Красин не спеша закурил тоненькую самокрутку из мундштучка, вздохнул:
— Давеча я упомянул, как мы плыли сюда пароходом. Но это не все. Шторм нас не взял, пришвартовались благополучно в Печорской губе, потом поднялись до деревни Щелья-Юр, а дальше нету ходу пароходу, как в частушке. Август, мелко. А у нас грузооборудования и продовольствия — на три года вперед. Многие сотни пудов! Как быть? Коми в те времена жили единолично, по-русски понимало только кулачье, и лошадей нам в эту дорогу залучить не удалось. Вспомнили мы старинушку, решили бурлачить… Связывали по три шняки — под тяжелые станки, а продовольствие — отдельно в каждую посудину. И — на лямки. Четыреста верст по бережку вовсе дикой реки — это вы понимаете? И шли почти без остановок, осень на пятки наступала… Семеро тянут свою снасть, другие семеро в лодках сидят. Потом смена — и дальше! За неделю не больше двух остановок делали. А на пороге Бычье горло канаты порвали и чуть не утопили главный баркас, вместе с начальником и поваром…

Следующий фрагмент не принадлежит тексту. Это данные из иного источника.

(* Assume that every $f_m^j$ ($m\in[M]$, $j\in\{0,\dots,N-1\}$) is $\mu$-strongly convex with $\mu>0$ and $L$-smooth. Run the algorithm RR-CLI described in the context with client step size $0<\gamma\le \frac1L$, server step size $\eta=\gamma N$ and global step size $\theta=\eta R$. Then the iterates satisfy $$\mathbb{E}\big[\|x_T-x_\star\|^2\big]\le (1-\gamma\mu)^{NRT}\|x_0-x_\star\|^2+\frac{2\gamma^2}{\mu}\max_{t,r,m,j}\sigma^2_{m,\mathrm{DS}}(t,r,j),$$ where the maximum is over meta-epochs $t$, rounds $r\in\{0,\dots,R-1\}$, clients $m\in S_t^{\lambda_r}$ and $j\in\{0,\dots,N-1\}$, and $\sigma^2_{m,\mathrm{DS}}(t,r,j)$ is defined in the context.
   Context: Setting. There are $M$ clients, each holding $N$ data points. For $m\in[M]$ and $j\in\{0,\dots,N-1\}$, $f_m^j:\mathbb{R}^d\to\mathbb{R}$ is differentiable. Define $f_m=\frac1N\sum_j f_m^j$ and $f=\frac1M\sum_{m=1}^M f_m$, and let $x_\star$ be a minimizer of $f$. A function $h$ is $L$-smooth if $\|\nabla h(x)-\nabla h(y)\|\le L\|x-y\|$ for all $x,y$. It is $\mu$-strongly convex if $\langle\nabla h(x),y-x\rangle\le-(h(x)-h(y)+\frac\mu2\|x-y\|^2)$ for all $x,y$. The Bregman divergence is $D_h(x,y)=h(x)-h(y)-\langle\nabla h(y),x-y\rangle$. Algorithm RR-CLI. The inputs are a cohort size $C$ with $M=CR$ for an integer $R$, step sizes $\gamma,\eta,\theta>0$, an initial point $x_0\in\mathbb{R}^d$, and a number of meta-epochs $T\ge1$. In each meta-epoch $t=0,\dots,T-1$: - The $M$ clients are partitioned uniformly at random into $R$ disjoint cohorts of size $C$, taken in a uniformly random order $S_t^{\lambda_0},\dots,S_t^{\lambda_{R-1}}$. - Each client $m$ uses a uniformly random permutation $\pi_m=(\pi_m^0,\dots,\pi_m^{N-1})$ of its data indices. - All permutations are independent. They are either sampled once before the first meta-epoch and reused, or resampled independently at every meta-epoch; the result holds for either option. - Set $x_t^0=x_t$. For $r=0,\dots,R-1$, each client $m\in S_t^{\lambda_r}$ sets $x^{r,0}_{m,t}=x^r_t$ and computes $x^{r,j+1}_{m,t}=x^{r,j}_{m,t}-\gamma\nabla f_m^{\pi_m^j}(x^{r,j}_{m,t})$ for $j=0,\dots,N-1$, followed by $g^r_{m,t}=\frac{1}{\gamma N}(x^r_t-x^{r,N}_{m,t})$. - The server sets $g^r_t=\frac1C\sum_{m\in S_t^{\lambda_r}}g^r_{m,t}$ and $x^{r+1}_t=x^r_t-\eta g^r_t$. - Finally, $x_{t+1}=x_t-\theta\frac{x_t-x^R_t}{\eta R}$. Expectations are over the random permutations. Star sequence. In meta-epoch $t$, using the same cohorts and permutations as the algorithm, define $x^0_\star=x_\star$. For each $r$ and each $m\in S_t^{\lambda_r}$, set $x^{r,0}_{m,\star}=x^r_\star$, then $x^{r,j+1}_{m,\star}=x^{r,j}_{m,\star}-\gamma\nabla f_m^{\pi_m^j}(x_\star)$, and $x^{r+1}_\star=\frac1C\sum_{m\in S_t^{\lambda_r}}x^{r,N}_{m,\star}$. Finally set $\sigma^2_{m,\mathrm{DS}}(t,r,j)=\frac{1}{\gamma^2}\mathbb{E}\big[D_{f_m^{\pi_m^j}}(x^{r,j}_{m,\star},x_\star)\big]$. *)

theory Defs
  imports "HOL-Analysis.Analysis" "HOL-Combinatorics.Permutations"
begin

Красин скупо улыбнулся, переждал одну затяжку и заговорил снова:
— Все это делали те самые разбойнички, которых я, по правде говоря, побаивался в дороге… Однако через две недели, усталые, прибыли к месту назначения. А радости мало — тайга кругом непроходимая, и небо в тучах… И тут-то начальник наш созывает общее собрание! Говорил он, может, пять минут, но не мешало бы ту речь во все наши святцы записать. Сказал он просто: «Братцы, нас всего сто двадцать пять человек — всех вместе, партийных и беспартийных… Мы прибыли сюда разведать глубокие недра Севера по приказу партии, а за два года к нам пробьются с Большой земли люди с автотрассой. Советская власть дорожит каждой минутой, поскольку вампиры мирового капитала могут нас пожрать с костями, не дожидаясь конца нашей индустриализации. Мы должны выдержать эти два года один на один с Севером и тайгой, — понятно ли это вам, братцы?!»

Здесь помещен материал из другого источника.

lemma card_wreach_thin_sides_le:
  assumes "quasi_bush B" "v \<in> nodes B" "wcol d B le \<le> m"
    and thin: "\<forall>w\<in>nodes B. card (IN w B) \<le> m \<or> card (OUT w B) \<le> m"
  shows "card (\<Union>z\<in>{u. wreach B le d v u}. insert z (thin_side z B)) \<le> m * (m + 1)"
proof -
  define R where "R = {u. wreach B le d v u}"
  have fin: "finite (nodes B)" using assms(1) unfolding quasi_bush_def rooted_tree_def by simp
  have R_nodes: "R \<subseteq> nodes B" unfolding R_def using wreach_in_nodes by auto
  have "card (\<Union>z\<in>R. insert z (thin_side z B)) \<le> (\<Sum>z\<in>R. card (insert z (thin_side z B)))"
    by (rule card_UN_le) (use fin R_nodes in \<open>auto intro: finite_subset\<close>)
  also have "\<dots> \<le> card R * (m + 1)"
  proof -
    have "card (insert z (thin_side z B)) \<le> m + 1" if "z \<in> R" for z
    proof -
      have "card (thin_side z B) \<le> m"
        by (rule card_thin_side_le) (use thin R_nodes that in blast)
      moreover have "finite (thin_side z B)"
        using fin thin_side_subset_nodes by (rule finite_subset[rotated])
      ultimately show ?thesis by (simp add: card_insert_if)
    qed
    then show ?thesis
      using sum_bounded_above[of R "\<lambda>z. card (insert z (thin_side z B))" "m + 1"] by simp
  qed
  also have "\<dots> \<le> m * (m + 1)"
    using card_wreach_le_wcol[OF fin assms(2), of le d] assms(3) unfolding R_def
    by (intro mult_right_mono) auto
  finally show ?thesis unfolding R_def .
qed

lemma card_hits_thin_side_le:
  assumes "quasi_bush B" "x \<in> nodes B" "wcol d B le \<le> m"
    and "\<forall>w\<in>nodes B. card (IN w B) \<le> m \<or> card (OUT w B) \<le> m"
    and meet: "\<And>c c'. c \<in> C \<Longrightarrow> c' \<in> C \<Longrightarrow> c \<noteq> c' \<Longrightarrow> set (Q c) \<inter> set (Q c') \<subseteq> {x}"
    and hits: "\<And>c. c \<in> C \<Longrightarrow> hits_thin_side B le d x (Q c)"
  shows "card C \<le> m * (m + 1)"
proof -
  define U where "U = (\<Union>z\<in>{u. wreach B le d x u}. insert z (thin_side z B))"
  have "\<forall>c\<in>C. \<exists>y. y \<in> set (Q c) - {x} \<and> y \<in> U"
    using hits unfolding hits_thin_side_def U_def by blast
  then obtain y where y: "\<forall>c\<in>C. y c \<in> set (Q c) - {x} \<and> y c \<in> U"
    by (rule bchoice[elim_format]) blast
  have "inj_on y C"
  proof (rule inj_onI, rule ccontr)
    fix c c' assume "c \<in> C" "c' \<in> C" "y c = y c'" "c \<noteq> c'"
    then show False using meet[of c c'] y by auto
  qed
  moreover have "finite U"
    using \<open>quasi_bush B\<close> unfolding quasi_bush_def rooted_tree_def U_def
    by (auto intro: finite_subset dest: wreach_in_nodes thin_side_subset_nodes[THEN subsetD])
  ultimately have "card C \<le> card U"
    using y by (intro card_inj_on_le) auto
  also have "\<dots> \<le> m * (m + 1)"
    unfolding U_def using card_wreach_thin_sides_le[OF assms(1-4)] .
  finally show ?thesis .
qed

lemma shallow_top_clique_paths:
  assumes "has_shallow_top_clique B r n"
  obtains p Q where "inj_on p {..<n}" "\<And>a. a < n \<Longrightarrow> is_leaf B (p a)" "\<And>a c. Q a c = Q c a"
    "\<And>a c. a < n \<Longrightarrow> c < n \<Longrightarrow> a \<noteq> c \<Longrightarrow>
       gpath B (Q a c) \<and> length (Q a c) \<le> 2 * r + 2 \<and> {hd (Q a c), last (Q a c)} = {p a, p c}"
    "\<And>a c c'. a < n \<Longrightarrow> c < n \<Longrightarrow> c' < n \<Longrightarrow> a \<noteq> c \<Longrightarrow> a \<noteq> c' \<Longrightarrow> c \<noteq> c' \<Longrightarrow>
       set (Q a c) \<inter> set (Q a c') \<subseteq> {p a}"
proof -
  obtain p P where inj: "inj_on p {..<n}" and leaves: "\<forall>i<n. is_leaf B (p i)"
    and paths: "\<forall>i j. i < j \<and> j < n \<longrightarrow> gpath B (P i j) \<and> hd (P i j) = p i \<and>
        last (P i j) = p j \<and> length (P i j) \<le> 2 * r + 2"
    and disjoint: "\<forall>i j k l. i < j \<and> j < n \<and> k < l \<and> l < n \<and> (i, j) \<noteq> (k, l) \<longrightarrow>
        interior (P i j) \<inter> set (P k l) = {}"
    using assms unfolding has_shallow_top_clique_def by (elim exE conjE) (rule that; assumption)
  define Q where "Q a c = P (min a c) (max a c)" for a c
  have Q_sym: "Q a c = Q c a" for a c
    unfolding Q_def by (simp add: min.commute max.commute)
  have Q_path: "gpath B (Q a c) \<and> length (Q a c) \<le> 2 * r + 2 \<and>
      {hd (Q a c), last (Q a c)} = {p a, p c}"
    if "a < n" "c < n" "a \<noteq> c" for a c
    using paths that unfolding Q_def by (cases "a < c") (auto simp: min_def max_def)
  have Q_disjoint: "interior (Q a c) \<inter> set (Q a c') = {}"
    if "a < n" "c < n" "c' < n" "a \<noteq> c" "a \<noteq> c'" "c \<noteq> c'" for a c c'
    using disjoint that unfolding Q_def by (auto simp: min_def max_def split: if_splits)
  have Q_meet: "y = p c" if "a < n" "c < n" "c' < n" "a \<noteq> c" "a \<noteq> c'" "c \<noteq> c'"
    "y \<in> set (Q a c)" "y \<in> set (Q a c')" "y \<noteq> p a" for a c c' y
  proof -
    have "y \<notin> interior (Q a c)" using Q_disjoint[OF that(1-6)] that(8) by blast
    moreover have "Q a c \<noteq> []" using Q_path[OF that(1,2,4)] unfolding gpath_def by blast
    ultimately show ?thesis
      using set_subset_ends_interior[of "Q a c"] Q_path[OF that(1,2,4)] that(7,9) by auto
  qed
  have common: "set (Q a c) \<inter> set (Q a c') \<subseteq> {p a}"
    if "a < n" "c < n" "c' < n" "a \<noteq> c" "a \<noteq> c'" "c \<noteq> c'" for a c c'
  proof
    fix y assume y: "y \<in> set (Q a c) \<inter> set (Q a c')"
    show "y \<in> {p a}"
    proof (rule ccontr)
      assume "y \<notin> {p a}"
      then have "y = p c" "y = p c'"
        using Q_meet[OF that] Q_meet[OF that(1,3,2,5,4) that(6)[symmetric]] y by auto
      then show False using inj that(2,3,6) by (auto dest: inj_onD)
    qed
  qed
  show thesis
    using that[of p Q] inj leaves Q_sym Q_path common by simp
qed

lemma shallow_top_clique_card_le:
  assumes "r > 0" "quasi_bush B" "upwards_closed B" "\<forall>a. \<not> coat_hanger B a"
    and "linear_order_on (nodes B) le" "wcol (9 * r) B le \<le> m"
    and "\<forall>w\<in>nodes B. card (IN w B) \<le> m \<or> card (OUT w B) \<le> m"
    and "has_shallow_top_clique B r n"
  shows "n \<le> 2 * (m * (m + 1)) + 1"
proof -
  obtain p Q where inj: "inj_on p {..<n}" and leaves: "\<And>a. a < n \<Longrightarrow> is_leaf B (p a)"
    and Q_sym: "\<And>a c. Q a c = Q c a"
    and Q_path: "\<And>a c. a < n \<Longrightarrow> c < n \<Longrightarrow> a \<noteq> c \<Longrightarrow>
       gpath B (Q a c) \<and> length (Q a c) \<le> 2 * r + 2 \<and> {hd (Q a c), last (Q a c)} = {p a, p c}"
    and Q_meet: "\<And>a c c'. a < n \<Longrightarrow> c < n \<Longrightarrow> c' < n \<Longrightarrow> a \<noteq> c \<Longrightarrow> a \<noteq> c' \<Longrightarrow> c \<noteq> c' \<Longrightarrow>
       set (Q a c) \<inter> set (Q a c') \<subseteq> {p a}"
    using assms(8) by (rule shallow_top_clique_paths) (rule that)
  define good where "good a c \<longleftrightarrow> a \<noteq> c \<and> hits_thin_side B le (9 * r) (p a) (Q a c)" for a c
  have "good a c \<or> good c a" if ac: "a < n" "c < n" "a \<noteq> c" for a c
  proof -
    have path: "gpath B (Q a c)" and ends: "{hd (Q a c), last (Q a c)} = {p a, p c}"
      using Q_path[OF ac] by auto
    have "2 * length (Q a c) \<le> 9 * r + 1" using Q_path[OF ac] assms(1) by linarith
    moreover have "hd (Q a c) \<noteq> last (Q a c)"
      using ends inj ac by (auto simp: doubleton_eq_iff dest: inj_onD)
    ultimately have "hits_thin_side B le (9 * r) (hd (Q a c)) (Q a c) \<or>
        hits_thin_side B le (9 * r) (last (Q a c)) (Q a c)"
      by (rule path_hits_thin_side_at_an_end[OF assms(2-5) path])
    then show ?thesis
      using ends Q_sym[of a c] ac(3) unfolding good_def by (auto simp: doubleton_eq_iff)
  qed
  moreover have "card {c \<in> {..<n}. good a c} \<le> m * (m + 1)" if "a < n" for a
    using leaves[OF that] Q_meet[OF that] unfolding good_def
    by (intro card_hits_thin_side_le[OF assms(2) _ assms(6,7)]) (auto intro: leaf_in_nodes)
  ultimately show ?thesis
    using semicomplete_card_le[of "{..<n}" good "m * (m + 1)"] by simp
qed

theorem lemma7p33:
  fixes r m :: nat and B :: "'a qbush" and le :: "('a \<times> 'a) set"
  assumes "r > 0" and "m > 0" and "m \<ge> 20 * r"
    and "quasi_bush B" and "represents_undirected B"
    and "upwards_closed B" and "\<forall>a. \<not> coat_hanger B a"
    and "linear_order_on (nodes B) le"
    and "wcol (9 * r) B le \<le> m"
    and "\<forall>w\<in>nodes B. card (IN w B) \<le> m \<or> card (OUT w B) \<le> m"
  shows "\<not> has_shallow_top_clique B r (m ^ 7)"
proof
  assume "has_shallow_top_clique B r (m ^ 7)"
  then have "m ^ 7 \<le> 2 * (m * (m + 1)) + 1"
    using shallow_top_clique_card_le[OF assms(1,4,6,7,8,9,10)] by blast
  moreover have "2 \<le> m" using assms(1,3) by linarith
  ultimately show False using quadratic_lt_pow_seven by (simp add: not_le[symmetric])
qed

end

Орут, что понятно. «А если понятно, — говорит начальник, — то уразумейте такую обстановку. У нас соль и сахар в мешках, а также мука. А также порох для перфораторов. А время дождливое! Ежели мы все это вымочим, то неизвестно, как дотянем до конца своей навигации. Предлагаю такое решение! Не спать и не отдыхать, пока последний мешок не будет выгружен на берег и не укрыт брезентом! Второе — предлагаю на все время существования отказаться от должности сторожа на продовольственном складе. Воров у нас, товарищи, нету! А каждая трудовая единица на счету! Правильно я говорю, братцы?!»